Si les sacs et chaussures se parent d’or et d’argent, la sobriété prime dans la majorité des vêtements proposés, comme chez Loro Piana, dont les caftans amples, tuniques longues et pantalons flottants en soie et lin se déclinent dans des tons neutres ou pastel.
Plus rares sont les marques à opter pour des couleurs vives, des tissus fleuris ou des motifs géométriques, comme Gucci avec sa capsule «Nojum» («étoiles» en arabe). «Les marques de luxe en savent plus maintenant sur notre culture locale, notre islam.
Dans leurs vitrines, on peut voir des abayas et des djellabas, des collections pour le Ramadhan et l’Aïd el-Fitr», la fête de la rupture du jeûne, apprécie Moza El Katbi, Emiratie de Dubaï, vêtue d’une abaya noire (tenue traditionnelle portée au-dessus des habits) rencontrée par l’AFP au Mall of the Emirates, un des plus grands centres commerciaux de Dubaï aux nombreuses enseignes de luxe.
«C’est bien d’encourager ces achats si on en a les moyens. Le style oriental est beau aussi, il n’y a pas que la mode occidentale», renchérit Feriale Faraj, la soixantaine, tête couverte d’un hijab coloré.
Plus loin, Tamara, Russe aux cheveux blonds et jupe courte, dit «aimer porter des abayas» et se réjouit que «Dior cette année ait fait quelque chose de musulman, c’est très intéressant».
Le mot «Ramadhan» ne figure pas systématiquement dans les présentations de ces collections spéciales : certaines marques évoquent plutôt la «saison sacrée» ou cette «période spéciale de l’année» ; d’autres font seulement allusion au «Moyen-orient» voire aux «mille et une nuits» ou encore aux «cieux étoilés».
Attention aux «clichés»
Pour Sofiane Si Merabet, fondateur de l’agence de marketing culturel Karta basée à Dubaï, toute la difficulté est de trouver le juste équilibre «entre commercialisation croissante du Ramadhan et appréciation culturelle de ce moment-clé».
«Certaines marques s’engouffrent en mettant tous les clichés : la lune, le chameau, la femme dans le désert, les moucharabiehs... on peut jouer avec les codes mais cela dépend vraiment comment c’est fait : ce qui est fondamental quand on parle de Ramadhan, c’est l’authenticité, l’être-ensemble et non pas l’hyper-commercialisation.
Les marques doivent s’appuyer sur les communautés locales et les artistes locaux et non pas tout importer de Paris», estime Sofiane Si Merabet qui a travaillé pour de grands groupes de luxe.
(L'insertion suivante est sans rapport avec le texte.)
(* Let $n\geq1$, $p<-n-1$, $\gamma=\frac{p+n+1}{n+1}<0$, and $\psi(r)=\frac{(1+r^2)^{\frac{n+1}{2}}}{r^n}$ for $r>0$. Let $\varphi:[0,\infty)\to[0,\infty)$ be continuous, positive on $(0,\infty)$, with $\lim_{r\to\infty}\varphi(r)=\varphi_\infty\in(0,\infty)$, and decaying to zero rapidly as $r\to0$, in the sense that $M:=\int_0^1\frac{\varphi(r)}{r}\psi(r)^{-\gamma}\,dr<\infty$. Let $\beta>M$ and define $$f(r)=\psi(r)^{\gamma}\Big[\int_1^r\frac{\varphi(s)}{s}\psi(s)^{-\gamma}\,ds+\beta\Big],\qquad r\in(0,\infty).$$ Then $f$ is $C^1$ on $(0,\infty)$, $f(r)>0$ for all $r\in(0,\infty)$, $\lim_{r\to0}f(r)=0$ (so $f$ extends continuously with $f(0)=0$), and $\lim_{r\to\infty}f(r)=\frac{\varphi_\infty}{|\gamma|}$. *)

theory Defs
  imports "HOL-Analysis.Analysis"
begin

definition psi :: "nat \<Rightarrow> real \<Rightarrow> real" where
  "psi n r = (1 + r\<^sup>2) powr ((real n + 1) / 2) / r ^ n"

end

theory Submission
  imports Defs "HOL-Real_Asymp.Real_Asymp"
begin

(* Write f = \<psi>^\<gamma> (G + \<beta>) with G(r) = \<integral>_1^r \<phi>(s) \<psi>(s)^(-\<gamma>) / s ds.
   Since \<psi>(r) \<ge> r, and \<psi>(r) \<ge> 1/r on (0,1] when n \<ge> 1, \<psi> tends to \<infinity> at both
   ends of (0,\<infinity>), so \<psi>^\<gamma> tends to 0 there because \<gamma> < 0.  As the integrand is
   nonnegative, G + \<beta> lies in [\<beta> - M, \<beta>] on (0,1] and in [\<beta>, \<infinity>) on [1,\<infinity>); this
   gives positivity and the limit at 0.  At \<infinity>, L'Hopital's rule for (G + \<beta>) / \<psi>^(-\<gamma>)
   reduces the limit to \<phi>(r) / (|\<gamma>| r \<psi>'(r)/\<psi>(r)) = \<phi>(r) (1 + r^2) / (|\<gamma>| (r^2 - n)),
   which tends to \<phi>_\<infinity> / |\<gamma>|. *)

definition psi_log_deriv :: "nat \<Rightarrow> real \<Rightarrow> real" where
  "psi_log_deriv n r = (r\<^sup>2 - real n) / (r * (1 + r\<^sup>2))"

lemma psi_pos:
  assumes "r > 0"
  shows "psi n r > 0"
proof -
  have "0 < 1 + r\<^sup>2" by (simp add: add_pos_nonneg)
  then show ?thesis using assms unfolding psi_def by simp
qed

lemma ln_psi:
  assumes "r > 0"
  shows "ln (psi n r) = (real n + 1) / 2 * ln (1 + r\<^sup>2) - real n * ln r"
proof -
  have "0 < 1 + r\<^sup>2" by (simp add: add_pos_nonneg)
  then show ?thesis using assms unfolding psi_def by (simp add: ln_div ln_powr ln_realpow)
qed

lemma has_real_derivative_psi_powr:
  assumes "r > 0"
  shows "((\<lambda>r. psi n r powr c) has_real_derivative c * psi_log_deriv n r * psi n r powr c) (at r)"
proof -
  define L where "L r = (real n + 1) / 2 * ln (1 + r\<^sup>2) - real n * ln r" for r
  have pos: "0 < 1 + r\<^sup>2" by (simp add: add_pos_nonneg)
  have psi_powr_eq: "psi n x powr c = exp (c * L x)" if "x > 0" for x
    using that psi_pos[OF that, of n] by (simp add: powr_def ln_psi L_def)
  have "(L has_real_derivative (real n + 1) / 2 * (2 * r / (1 + r\<^sup>2)) - real n / r) (at r)"
    unfolding L_def using assms pos by (auto intro!: derivative_eq_intros) (simp add: field_simps)
  also have "(real n + 1) / 2 * (2 * r / (1 + r\<^sup>2)) - real n / r = psi_log_deriv n r"
    unfolding psi_log_deriv_def using assms pos
    by (simp add: divide_simps) (simp add: algebra_simps power2_eq_square)
  finally have "((\<lambda>r. exp (c * L r)) has_real_derivative exp (c * L r) * (c * psi_log_deriv n r)) (at r)"
    by (rule DERIV_fun_exp[OF DERIV_cmult])
  then have "((\<lambda>r. exp (c * L r)) has_real_derivative c * psi_log_deriv n r * psi n r powr c) (at r)"
    using psi_powr_eq[OF assms] by (simp add: mult.commute)
  then show ?thesis
    by (rule has_field_derivative_transform_within_open[of _ _ _ "{0<..}"])
       (use assms psi_powr_eq in auto)
qed

lemma continuous_on_psi_powr: "continuous_on {0<..} (\<lambda>r. psi n r powr c)"
proof (intro continuous_at_imp_continuous_on ballI)
  fix r :: real assume "r \<in> {0<..}"
  then show "isCont (\<lambda>r. psi n r powr c) r"
    using has_real_derivative_psi_powr[of r n c] by (auto intro: DERIV_isCont)
qed

lemma continuous_on_psi_log_deriv: "continuous_on {0<..} (psi_log_deriv n)"
  unfolding psi_log_deriv_def[abs_def]
  by (intro continuous_intros) (auto simp: add_nonneg_eq_0_iff)

lemma psi_log_deriv_pos: "0 < r \<Longrightarrow> real n < r\<^sup>2 \<Longrightarrow> 0 < psi_log_deriv n r"
  unfolding psi_log_deriv_def by (simp add: add_pos_nonneg)

lemma eventually_pos_square_gt_at_top: "\<forall>\<^sub>F r in at_top. 0 < r \<and> c < (r::real)\<^sup>2"
  using eventually_ge_at_top[of "\<bar>c\<bar> + 1"]
proof eventually_elim
  case (elim r)
  then have "c < r * 1" by simp
  also have "\<dots> \<le> r * r" using elim by (intro mult_left_mono) auto
  finally show ?case using elim by (simp add: power2_eq_square)
qed

lemma psi_ge_self:
  assumes "r > 0"
  shows "r \<le> psi n r"
proof -
  have "r * r ^ n = r powr (real n + 1)"
    using assms powr_realpow[of r "n + 1"] by (simp add: add.commute)
  also have "\<dots> = r powr (2 * ((real n + 1) / 2))"
    by (rule arg_cong[where f = "(powr) r"]) (simp add: field_simps)
  also have "\<dots> = (r\<^sup>2) powr ((real n + 1) / 2)"
    using assms by (simp add: powr_powr flip: powr_numeral)
  also have "\<dots> \<le> (1 + r\<^sup>2) powr ((real n + 1) / 2)"
    by (rule powr_mono2) auto
  finally show ?thesis
    using assms unfolding psi_def by (simp add: pos_le_divide_eq)
qed

lemma psi_ge_inverse:
  assumes "n \<ge> 1" "0 < r" "r \<le> 1"
  shows "1 / r \<le> psi n r"
proof -
  have "r ^ n \<le> r"
    using power_decreasing[of 1 n r] assms by simp
  also have "r \<le> r * (1 + r\<^sup>2) powr ((real n + 1) / 2)"
    using assms by (simp add: ge_one_powr_ge_zero)
  finally show ?thesis
    using assms unfolding psi_def by (simp add: divide_simps mult.commute)
qed

lemma filterlim_psi_at_top: "filterlim (psi n) at_top at_top"
proof (rule filterlim_at_top_mono[OF filterlim_ident])
  show "\<forall>\<^sub>F r in at_top. r \<le> psi n r"
    using eventually_gt_at_top[of 0] by eventually_elim (rule psi_ge_self)
qed

lemma filterlim_psi_at_right_0:
  assumes "n \<ge> 1"
  shows "filterlim (psi n) at_top (at_right 0)"
proof (rule filterlim_at_top_mono[OF filterlim_inverse_at_top_right])
  have "\<forall>\<^sub>F r in at_right 0. r \<in> {0<..<1::real}"
    by (rule eventually_at_right_real) simp
  then show "\<forall>\<^sub>F r in at_right 0. inverse r \<le> psi n r"
    by eventually_elim (use psi_ge_inverse[OF assms] in \<open>simp add: inverse_eq_divide\<close>)
qed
Selon lui également, «de plus en plus on sort du cliché qu’au ramadan il faut avoir un modèle avec un voile : dans la plupart des campagnes» imaginées par les marques pour mettre en scène leurs séries spéciales Ramadhan, «les femmes ne sont pas voilées».
«Boom du tourisme, changement de comportement des consommateurs, nouveaux intérêts locaux pour la santé et le fitness, perspectives économiques en croissance, inflation relativement faible : la région est particulièrement attirante pour les marques internationales», résume Marguerite Le Rolland, analyste pour le cabinet d’études Euromonitor.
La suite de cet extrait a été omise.